*** Extracted data Section Begins ***

lemma rack_type_D_by_homomorphism:
  fixes u :: "'a :: field mat" and \<pi> :: "'a mat \<Rightarrow> 'b :: ab_group_add"
  assumes u: "u \<in> SL_mat n"
    and K_mult: "\<And>x y. x \<in> K \<Longrightarrow> y \<in> K \<Longrightarrow> x * y \<in> K"
    and K_inv: "\<And>x. x \<in> K \<Longrightarrow> x \<in> SL_mat n \<Longrightarrow> inv_mat n x \<in> K"
    and \<pi>_mult: "\<And>x y. x \<in> K \<Longrightarrow> y \<in> K \<Longrightarrow> \<pi> (x * y) = \<pi> x + \<pi> y"
    and r: "r \<in> conj_class_SL n u" "r \<in> K" and s: "s \<in> conj_class_SL n u" "s \<in> K"
    and \<pi>_neq: "\<pi> r \<noteq> \<pi> s"
    and ne: "r * s * (r * s) \<noteq> s * r * (s * r)"
  shows "rack_type_D (conj_op n) (conj_class_SL n u)"
proof -
  let ?O = "conj_class_SL n u"
  note conj_\<pi> = homomorphism_conj_op[OF K_mult K_inv \<pi>_mult]
  have O_SL: "x \<in> SL_mat n" if "x \<in> ?O" for x using conj_class_SL_subset[OF u] that by blast
  define fibre where "fibre v = {x \<in> ?O. x \<in> K \<and> \<pi> x = v}" for v
  define R where "R = fibre (\<pi> r)"
  define S where "S = fibre (\<pi> s)"
  have rR: "r \<in> R" and sS: "s \<in> S" unfolding R_def S_def fibre_def using r s by auto
  have RS: "R \<union> S \<subseteq> ?O \<inter> K" unfolding R_def S_def fibre_def by auto
  have closed: "conj_op n y x \<in> fibre v" if "y \<in> K" "y \<in> SL_mat n" "x \<in> fibre v" for y x v
    using conj_\<pi>[of y x] conj_op_in_conj_class_SL[OF u, of x y] that unfolding fibre_def by auto
  have act: "rack_act_set (conj_op n) (R \<union> S) (fibre v) = fibre v" for v
  proof (rule rack_act_set_eqI[OF _ UnI1[OF rR]])
    show "conj_op n y x \<in> fibre v" if "y \<in> R \<union> S" "x \<in> fibre v" for y x
      using closed[of y x] that RS O_SL by blast
    have r': "r \<in> SL_mat n" "inv_mat n r \<in> K" "inv_mat n r \<in> SL_mat n"
      using O_SL[OF r(1)] K_inv[OF r(2)] SL_mat_inv(4) by auto
    show "\<exists>x'\<in>fibre v. conj_op n r x' = x" if "x \<in> fibre v" for x
      using closed[OF r'(2,3) that] conj_op_inv_conj_op[OF r'(1) SL_mat_carrier[OF O_SL], of x] that
      unfolding fibre_def by auto
  qed
  have act_R: "rack_act_set (conj_op n) (R \<union> S) R = R"
    and act_S: "rack_act_set (conj_op n) (R \<union> S) S = S"
    using act[of "\<pi> r"] act[of "\<pi> s"] by (simp_all only: R_def[symmetric] S_def[symmetric])
  have "rack_act_set (conj_op n) (R \<union> S) (R \<union> S) \<subseteq> R \<union> S"
    using act_R act_S unfolding rack_act_set_def by blast
  hence sub: "subrack (conj_op n) ?O (R \<union> S)" "subrack (conj_op n) ?O R" "subrack (conj_op n) ?O S"
    using RS act_R act_S unfolding subrack_def rack_act_set_def by blast+
  have disj: "R \<inter> S = {}" unfolding R_def S_def fibre_def using \<pi>_neq by auto
  have "conj_op n r (conj_op n s (conj_op n r s)) \<noteq> s"
    using conj_op_triple_neq[OF O_SL O_SL ne] r s by blast
  thus ?thesis unfolding rack_type_D_def using sub disj rR sS act_R act_S by blast
qed

section \<open>Upper unitriangular matrices\<close>

definition unitriangular :: "nat \<Rightarrow> 'a :: comm_ring_1 mat \<Rightarrow> bool" where
  "unitriangular n A \<longleftrightarrow> A \<in> carrier_mat n n \<and> (\<forall>i<n. A $$ (i,i) = 1) \<and> (\<forall>i<n. \<forall>j<i. A $$ (i,j) = 0)"

lemma index_mult_mat_support:
  fixes A B :: "'a :: comm_ring_1 mat"
  assumes A: "A \<in> carrier_mat n n" and B: "B \<in> carrier_mat n n" and i: "i < n" and j: "j < n"
    and S: "S \<subseteq> {..<n}" and zero: "\<And>l. l < n \<Longrightarrow> l \<notin> S \<Longrightarrow> A $$ (i,l) * B $$ (l,j) = 0"
  shows "(A * B) $$ (i,j) = (\<Sum>l\<in>S. A $$ (i,l) * B $$ (l,j))"
proof -
  have "(A * B) $$ (i,j) = (\<Sum>l\<in>{0..<n}. A $$ (i,l) * B $$ (l,j))"
    using A B i j by (simp add: scalar_prod_def)
  also have "\<dots> = (\<Sum>l\<in>S. A $$ (i,l) * B $$ (l,j))"
    by (rule sum.mono_neutral_right) (use S zero in auto)
  finally show ?thesis .
qed

lemma unitriangular_mult:
  assumes A: "unitriangular n A" and B: "unitriangular n B"
  shows "unitriangular n (A * B)"
proof -
  have Ac: "A \<in> carrier_mat n n" and Bc: "B \<in> carrier_mat n n"
    using A B unfolding unitriangular_def by auto
  have diag: "(A * B) $$ (i,i) = 1" if i: "i < n" for i
  proof -
    have "(A * B) $$ (i,i) = (\<Sum>l\<in>{i}. A $$ (i,l) * B $$ (l,i))"
    proof (rule index_mult_mat_support[OF Ac Bc i i])
      fix l assume "l < n" "l \<notin> {i}"
      thus "A $$ (i,l) * B $$ (l,i) = 0" using A B i unfolding unitriangular_def
        by (cases "l < i") auto
    qed (use i in auto)
    thus ?thesis using A B i unfolding unitriangular_def by auto
  qed
  have lower: "(A * B) $$ (i,j) = 0" if i: "i < n" and j: "j < i" for i j
  proof -
    have "(A * B) $$ (i,j) = (\<Sum>l\<in>{}. A $$ (i,l) * B $$ (l,j))"
    proof (rule index_mult_mat_support[OF Ac Bc i])
      fix l assume "l < n" "l \<notin> {}"
      thus "A $$ (i,l) * B $$ (l,j) = 0" using A B i j unfolding unitriangular_def
        by (cases "l < i") auto
    qed (use i j in auto)
    thus ?thesis by simp
  qed
  show ?thesis unfolding unitriangular_def using Ac Bc diag lower by auto
qed

lemma unitriangular_mult_superdiag:
  assumes A: "unitriangular n A" and B: "unitriangular n B" and c: "Suc c < n"
  shows "(A * B) $$ (c, Suc c) = A $$ (c, Suc c) + B $$ (c, Suc c)"
proof -
  have Ac: "A \<in> carrier_mat n n" and Bc: "B \<in> carrier_mat n n"
    using A B unfolding unitriangular_def by auto
  have "(A * B) $$ (c, Suc c) = (\<Sum>l\<in>{c, Suc c}. A $$ (c,l) * B $$ (l,Suc c))"
  proof (rule index_mult_mat_support[OF Ac Bc])
    fix l assume "l < n" "l \<notin> {c, Suc c}"
    thus "A $$ (c,l) * B $$ (l,Suc c) = 0" using A B c unfolding unitriangular_def
      by (cases "l < c") auto
  qed (use c in auto)
  thus ?thesis using A B c unfolding unitriangular_def by (simp add: add.commute)
qed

*** Extracted data Section Ends ***

**Work to be completed**
Output every entry exactly.

**Your response**
lemma rack_type_D_by_homomorphism:
  fixes u :: "'a :: field mat" and \<pi> :: "'a mat \<Rightarrow> 'b :: ab_group_add"
  assumes u: "u \<in> SL_mat n"
    and K_mult: "\<And>x y. x \<in> K \<Longrightarrow> y \<in> K \<Longrightarrow> x * y \<in> K"
    and K_inv: "\<And>x. x \<in> K \<Longrightarrow> x \<in> SL_mat n \<Longrightarrow> inv_mat n x \<in> K"
    and \<pi>_mult: "\<And>x y. x \<in> K \<Longrightarrow> y \<in> K \<Longrightarrow> \<pi> (x * y) = \<pi> x + \<pi> y"
    and r: "r \<in> conj_class_SL n u" "r \<in> K" and s: "s \<in> conj_class_SL n u" "s \<in> K"
    and \<pi>_neq: "\<pi> r \<noteq> \<pi> s"
    and ne: "r * s * (r * s) \<noteq> s * r * (s * r)"
  shows "rack_type_D (conj_op n) (conj_class_SL n u)"
proof -
  let ?O = "conj_class_SL n u"
  note conj_\<pi> = homomorphism_conj_op[OF K_mult K_inv \<pi>_mult]
  have O_SL: "x \<in> SL_mat n" if "x \<in> ?O" for x using conj_class_SL_subset[OF u] that by blast
  define fibre where "fibre v = {x \<in> ?O. x \<in> K \<and> \<pi> x = v}" for v
  define R where "R = fibre (\<pi> r)"
  define S where "S = fibre (\<pi> s)"
  have rR: "r \<in> R" and sS: "s \<in> S" unfolding R_def S_def fibre_def using r s by auto
  have RS: "R \<union> S \<subseteq> ?O \<inter> K" unfolding R_def S_def fibre_def by auto
  have closed: "conj_op n y x \<in> fibre v" if "y \<in> K" "y \<in> SL_mat n" "x \<in> fibre v" for y x v
    using conj_\<pi>[of y x] conj_op_in_conj_class_SL[OF u, of x y] that unfolding fibre_def by auto
  have act: "rack_act_set (conj_op n) (R \<union> S) (fibre v) = fibre v" for v
  proof (rule rack_act_set_eqI[OF _ UnI1[OF rR]])
    show "conj_op n y x \<in> fibre v" if "y \<in> R \<union> S" "x \<in> fibre v" for y x
      using closed[of y x] that RS O_SL by blast
    have r': "r \<in> SL_mat n" "inv_mat n r \<in> K" "inv_mat n r \<in> SL_mat n"
      using O_SL[OF r(1)] K_inv[OF r(2)] SL_mat_inv(4) by auto
    show "\<exists>x'\<in>fibre v. conj_op n r x' = x" if "x \<in> fibre v" for x
      using closed[OF r'(2,3) that] conj_op_inv_conj_op[OF r'(1) SL_mat_carrier[OF O_SL], of x] that
      unfolding fibre_def by auto
  qed
  have act_R: "rack_act_set (conj_op n) (R \<union> S) R = R"
    and act_S: "rack_act_set (conj_op n) (R \<union> S) S = S"
    using act[of "\<pi> r"] act[of "\<pi> s"] by (simp_all only: R_def[symmetric] S_def[symmetric])
  have "rack_act_set (conj_op n) (R \<union> S) (R \<union> S) \<subseteq> R \<union> S"
    using act_R act_S unfolding rack_act_set_def by blast
  hence sub: "subrack (conj_op n) ?O (R \<union> S)" "subrack (conj_op n) ?O R" "subrack (conj_op n) ?O S"
    using RS act_R act_S unfolding subrack_def rack_act_set_def by blast+
  have disj: "R \<inter> S = {}" unfolding R_def S_def fibre_def using \<pi>_neq by auto
  have "conj_op n r (conj_op n s (conj_op n r s)) \<noteq> s"
    using conj_op_triple_neq[OF O_SL O_SL ne] r s by blast
  thus ?thesis unfolding rack_type_D_def using sub disj rR sS act_R act_S by blast
qed

section \<open>Upper unitriangular matrices\<close>

definition unitriangular :: "nat \<Rightarrow> 'a :: comm_ring_1 mat \<Rightarrow> bool" where
  "unitriangular n A \<longleftrightarrow> A \<in> carrier_mat n n \<and> (\<forall>i<n. A $$ (i,i) = 1) \<and> (\<forall>i<n. \<forall>j<i. A $$ (i,j) = 0)"

lemma index_mult_mat_support:
  fixes A B :: "'a :: comm_ring_1 mat"
  assumes A: "A \<in> carrier_mat n n" and B: "B \<in> carrier_mat n n" and i: "i < n" and j: "j < n"
    and S: "S \<subseteq> {..<n}" and zero: "\<And>l. l < n \<Longrightarrow> l \<notin> S \<Longrightarrow> A $$ (i,l) * B $$ (l,j) = 0"
  shows "(A * B) $$ (i,j) = (\<Sum>l\<in>S. A $$ (i,l) * B $$ (l,j))"
proof -
  have "(A * B) $$ (i,j) = (\<Sum>l\<in>{0..<n}. A $$ (i,l) * B $$ (l,j))"
    using A B i j by (simp add: scalar_prod_def)
  also have "\<dots> = (\<Sum>l\<in>S. A $$ (i,l) * B $$ (l,j))"
    by (rule sum.mono_neutral_right) (use S zero in auto)
  finally show ?thesis .
qed

lemma unitriangular_mult:
  assumes A: "unitriangular n A" and B: "unitriangular n B"
  shows "unitriangular n (A * B)"
proof -
  have Ac: "A \<in> carrier_mat n n" and Bc: "B \<in> carrier_mat n n"
    using A B unfolding unitriangular_def by auto
  have diag: "(A * B) $$ (i,i) = 1" if i: "i < n" for i
  proof -
    have "(A * B) $$ (i,i) = (\<Sum>l\<in>{i}. A $$ (i,l) * B $$ (l,i))"
    proof (rule index_mult_mat_support[OF Ac Bc i i])
      fix l assume "l < n" "l \<notin> {i}"
      thus "A $$ (i,l) * B $$ (l,i) = 0" using A B i unfolding unitriangular_def
        by (cases "l < i") auto
    qed (use i in auto)
    thus ?thesis using A B i unfolding unitriangular_def by auto
  qed
  have lower: "(A * B) $$ (i,j) = 0" if i: "i < n" and j: "j < i" for i j
  proof -
    have "(A * B) $$ (i,j) = (\<Sum>l\<in>{}. A $$ (i,l) * B $$ (l,j))"
    proof (rule index_mult_mat_support[OF Ac Bc i])
      fix l assume "l < n" "l \<notin> {}"
      thus "A $$ (i,l) * B $$ (l,j) = 0" using A B i j unfolding unitriangular_def
        by (cases "l < i") auto
    qed (use i j in auto)
    thus ?thesis by simp
  qed
  show ?thesis unfolding unitriangular_def using Ac Bc diag lower by auto
qed

lemma unitriangular_mult_superdiag:
  assumes A: "unitriangular n A" and B: "unitriangular n B" and c: "Suc c < n"
  shows "(A * B) $$ (c, Suc c) = A $$ (c, Suc c) + B $$ (c, Suc c)"
proof -
  have Ac: "A \<in> carrier_mat n n" and Bc: "B \<in> carrier_mat n n"
    using A B unfolding unitriangular_def by auto
  have "(A * B) $$ (c, Suc c) = (\<Sum>l\<in>{c, Suc c}. A $$ (c,l) * B $$ (l,Suc c))"
  proof (rule index_mult_mat_support[OF Ac Bc])
    fix l assume "l < n" "l \<notin> {c, Suc c}"
    thus "A $$ (c,l) * B $$ (l,Suc c) = 0" using A B c unfolding unitriangular_def
      by (cases "l < c") auto
  qed (use c in auto)
  thus ?thesis using A B c unfolding unitriangular_def by (simp add: add.commute)
qed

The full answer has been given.